First off, I’d like to say that I read Lean In last year, and I liked it. I liked it so much that I took photos of certain paragraphs and messaged them to my best friend. I particularly loved the sections on not feeling the need to be ‘unemotional’ in a workplace environment, Sandberg’s telling women to stop expecting more senior females to mentor them purely on account of their shared gender and her trepidation about women setting unattainable standards of perfection for themselves, which then prohibit them from feeling successful. I did not find the book particularly revolutionary in how it dealt with gender issues. I didn’t really get a sense of it being any sort of concrete manifesto. I read Lean In as a memoir of a very successful career woman, whom I admire, and a self-empowerment book. And I felt pretty self-empowered by the end, so I recommended the book to others, because I figured it did what it set out to do pretty well.

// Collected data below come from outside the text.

lemma embmap_eq_fgamma:
  assumes c: "c \<in> B" and upper: "\<forall>s\<in>S. ale A s c"
    and least: "\<And>u d. u \<in> ulp (mult A) (GB A B) \<Longrightarrow> \<forall>s\<in>S. ale A (u s) d \<Longrightarrow> ale A (u c) d"
  shows "embmap A B c = fgamma (GB A B) (TB A B) (NB A) S"
proof (rule set_eqI, rule iffI)
  fix g
  assume "g \<in> embmap A B c"
  then have g: "g \<in> GB A B" "ale A g c" by (simp_all add: mem_embmap)
  have "ale A (u g) d" if "(u, d) \<in> frhd (TB A B) (NB A) S" for u d
  proof -
    from that have "u \<in> ulp (mult A) (GB A B)" "\<forall>s\<in>S. ale A (u s) d"
      unfolding frhd_def TB_def NB_def by auto
    then show ?thesis using least ulp_mono g(2) ale_trans by blast
  qed
  then show "g \<in> fgamma (GB A B) (TB A B) (NB A) S"
    using g(1) unfolding fgamma_def flhd_def NB_def by auto
next
  fix g
  assume g: "g \<in> fgamma (GB A B) (TB A B) (NB A) S"
  have "(id, c) \<in> frhd (TB A B) (NB A) S"
    unfolding frhd_def TB_def NB_def using c upper ulp_id by auto
  then show "g \<in> embmap A B c"
    using g unfolding fgamma_def embmap_def flhd_def NB_def by auto
qed

lemma inj_on_embmap: "inj_on (embmap A B) B"
proof (rule inj_onI)
  fix x y
  assume "x \<in> B" "y \<in> B" "embmap A B x = embmap A B y"
  then have "x \<in> embmap A B y" "y \<in> embmap A B x"
    using self_mem_embmap by auto
  then show "x = y" using mem_embmap ale_antisym by blast
qed

lemma embmap_in_carrier:
  assumes "c \<in> B"
  shows "embmap A B c \<in> FplusAB_carrier A B"
proof -
  have "embmap A B c = fgamma (GB A B) (TB A B) (NB A) (embmap A B c)"
    by (rule embmap_eq_fgamma[OF assms]) (use self_mem_embmap[OF assms] in \<open>auto simp: mem_embmap\<close>)
  then show ?thesis
    unfolding FplusAB_carrier_def Fplus_carrier_def by (auto simp: mem_embmap)
qed

lemma embmap_meet:
  "embmap A B (meet A x y) = meet (FplusAB A B) (embmap A B x) (embmap A B y)"
  unfolding FplusAB_def Fplus_def
  by (auto simp: mem_embmap intro: meet_greatest ale_trans[OF _ meet_le1] ale_trans[OF _ meet_le2])

lemma embmap_join:
  assumes "x \<in> B" "y \<in> B" "join A x y \<in> B"
  shows "embmap A B (join A x y) = join (FplusAB A B) (embmap A B x) (embmap A B y)"
  unfolding FplusAB_def Fplus_def ialg.simps
proof (rule embmap_eq_fgamma[OF assms(3)])
  show "\<forall>s\<in>embmap A B x \<union> embmap A B y. ale A s (join A x y)"
    by (auto simp: mem_embmap intro: ale_trans join_ge1 join_ge2)
next
  fix u d
  assume "u \<in> ulp (mult A) (GB A B)" "\<forall>s\<in>embmap A B x \<union> embmap A B y. ale A (u s) d"
  with assms show "ale A (u (join A x y)) d"
    using ulp_join_least self_mem_embmap by blast
qed

lemma embmap_mult:
  assumes "x \<in> B" "y \<in> B" "mult A x y \<in> B"
  shows "embmap A B (mult A x y) = mult (FplusAB A B) (embmap A B x) (embmap A B y)"
  unfolding FplusAB_def Fplus_def ialg.simps
proof (rule embmap_eq_fgamma[OF assms(3)])
  show "\<forall>s\<in>{mult A a b |a b. a \<in> embmap A B x \<and> b \<in> embmap A B y}. ale A s (mult A x y)"
    by (auto simp: mem_embmap intro: mult_mono)
next
  fix u d
  assume "\<forall>s\<in>{mult A a b |a b. a \<in> embmap A B x \<and> b \<in> embmap A B y}. ale A (u s) d"
  with assms show "ale A (u (mult A x y)) d"
    using self_mem_embmap by blast
qed

lemma embmap_ldiv:
  assumes "x \<in> B"
  shows "embmap A B (ldiv A x y) = ldiv (FplusAB A B) (embmap A B x) (embmap A B y)"
  unfolding FplusAB_def Fplus_def ialg.simps
proof (rule set_eqI, rule iffI)
  fix g
  assume "g \<in> embmap A B (ldiv A x y)"
  then have g: "g \<in> GB A B" "ale A (mult A x g) y" by (auto simp: mem_embmap residuated_ldiv)
  then have "\<forall>a\<in>embmap A B x. mult A a g \<in> embmap A B y"
    by (auto simp: mem_embmap GB_def intro: gen_mult ale_trans[OF mult_mono_left])
  with g show "g \<in> {z \<in> GB A B. \<forall>a\<in>embmap A B x. mult A a z \<in> embmap A B y}" by auto
next
  fix g
  assume "g \<in> {z \<in> GB A B. \<forall>a\<in>embmap A B x. mult A a z \<in> embmap A B y}"
  then show "g \<in> embmap A B (ldiv A x y)"
    using self_mem_embmap[OF assms] by (auto simp: mem_embmap residuated_ldiv)
qed

lemma embmap_rdiv:
  assumes "y \<in> B"
  shows "embmap A B (rdiv A x y) = rdiv (FplusAB A B) (embmap A B x) (embmap A B y)"
  unfolding FplusAB_def Fplus_def ialg.simps
proof (rule set_eqI, rule iffI)
  fix g
  assume "g \<in> embmap A B (rdiv A x y)"
  then have g: "g \<in> GB A B" "ale A (mult A g y) x" by (auto simp: mem_embmap residuated_rdiv)
  then have "\<forall>a\<in>embmap A B y. mult A g a \<in> embmap A B x"
    by (auto simp: mem_embmap GB_def intro: gen_mult ale_trans[OF mult_mono_right])
  with g show "g \<in> {z \<in> GB A B. \<forall>a\<in>embmap A B y. mult A z a \<in> embmap A B x}" by auto
next
  fix g
  assume "g \<in> {z \<in> GB A B. \<forall>a\<in>embmap A B y. mult A z a \<in> embmap A B x}"
  then show "g \<in> embmap A B (rdiv A x y)"
    using self_mem_embmap[OF assms] by (auto simp: mem_embmap residuated_rdiv)
qed

lemma embmap_one: "one A \<in> B \<Longrightarrow> embmap A B (one A) = one (FplusAB A B)"
  unfolding FplusAB_def Fplus_def ialg.simps
  by (rule embmap_eq_fgamma) (auto simp: ale_refl)

lemma embmap_bang:
  assumes "x \<in> B" "bang A x \<in> B"
  shows "embmap A B (bang A x) = bang (FplusAB A B) (embmap A B x)"
  unfolding FplusAB_def Fplus_def ialg.simps
proof (rule embmap_eq_fgamma[OF assms(2)])
  show "\<forall>s\<in>embmap A B x \<inter> KB A B. ale A s (bang A x)"
    by (auto simp: mem_embmap intro: ale_trans[OF KB_le_bang bang_mono])
next
  have "bang A x \<in> KB A B" unfolding KB_def using assms by (auto intro: gen_base)
  moreover have "bang A x \<in> embmap A B x" using assms mem_GB bang_le mem_embmap by auto
  moreover fix u d
  assume "\<forall>s\<in>embmap A B x \<inter> KB A B. ale A (u s) d"
  ultimately show "ale A (u (bang A x)) d" by blast
qed

lemma partial_embedding_embmap:
  "partial_embedding A B (embmap A B) (FplusAB A B) (FplusAB_carrier A B)"
  unfolding partial_embedding_def
  by (intro conjI ballI impI image_subsetI inj_on_embmap embmap_in_carrier embmap_meet
      embmap_join embmap_mult embmap_ldiv embmap_rdiv embmap_one embmap_bang)

end

theorem mainTheorem8:
  fixes A :: "'a ialg" and B :: "'a set" and z :: 'a
  assumes "interior_rlu_groupoid A"
  shows "partial_embedding A B (embmap A B) (FplusAB A B) (FplusAB_carrier A B)
       \<and> (z \<in> B \<longrightarrow>
            partial_embedding A B (embmap A B) (FplusAB A B) (FplusAB_carrier A B)
            \<and> embmap A B z = FplusAB_zero A B z)"
proof -
  have "embmap A B z = FplusAB_zero A B z"
    by (simp add: embmap_def FplusAB_zero_def Fplus_zero_def)
  then show ?thesis using partial_embedding_embmap[OF assms] by simp
qed

end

But I was wrong. Because Lean In had actually set out to become a practical movement. Lean In, a book about one middle class white woman’s success in the corporate world and her (genuinely good) advice for others like her, is now being framed as seminal doctrine. Which is where my confusion starts. The book is all about self-empowerment, so I struggle to see how it can form the basis of a grassroots movement that seeks to bring about meaningful transformation. I struggle to see how personal advice about things women can do to better themselves in corporate environments can be institutionalised to bring about mass change. But apparently, there is now a Lean In Circle at the University of Cape Town, trying to do just that. I quite like that name, I fancy the idea of women seated around a table, leaning the fuck in and grabbing opportunities. I just don’t really see how this Lean In Circle is doing that.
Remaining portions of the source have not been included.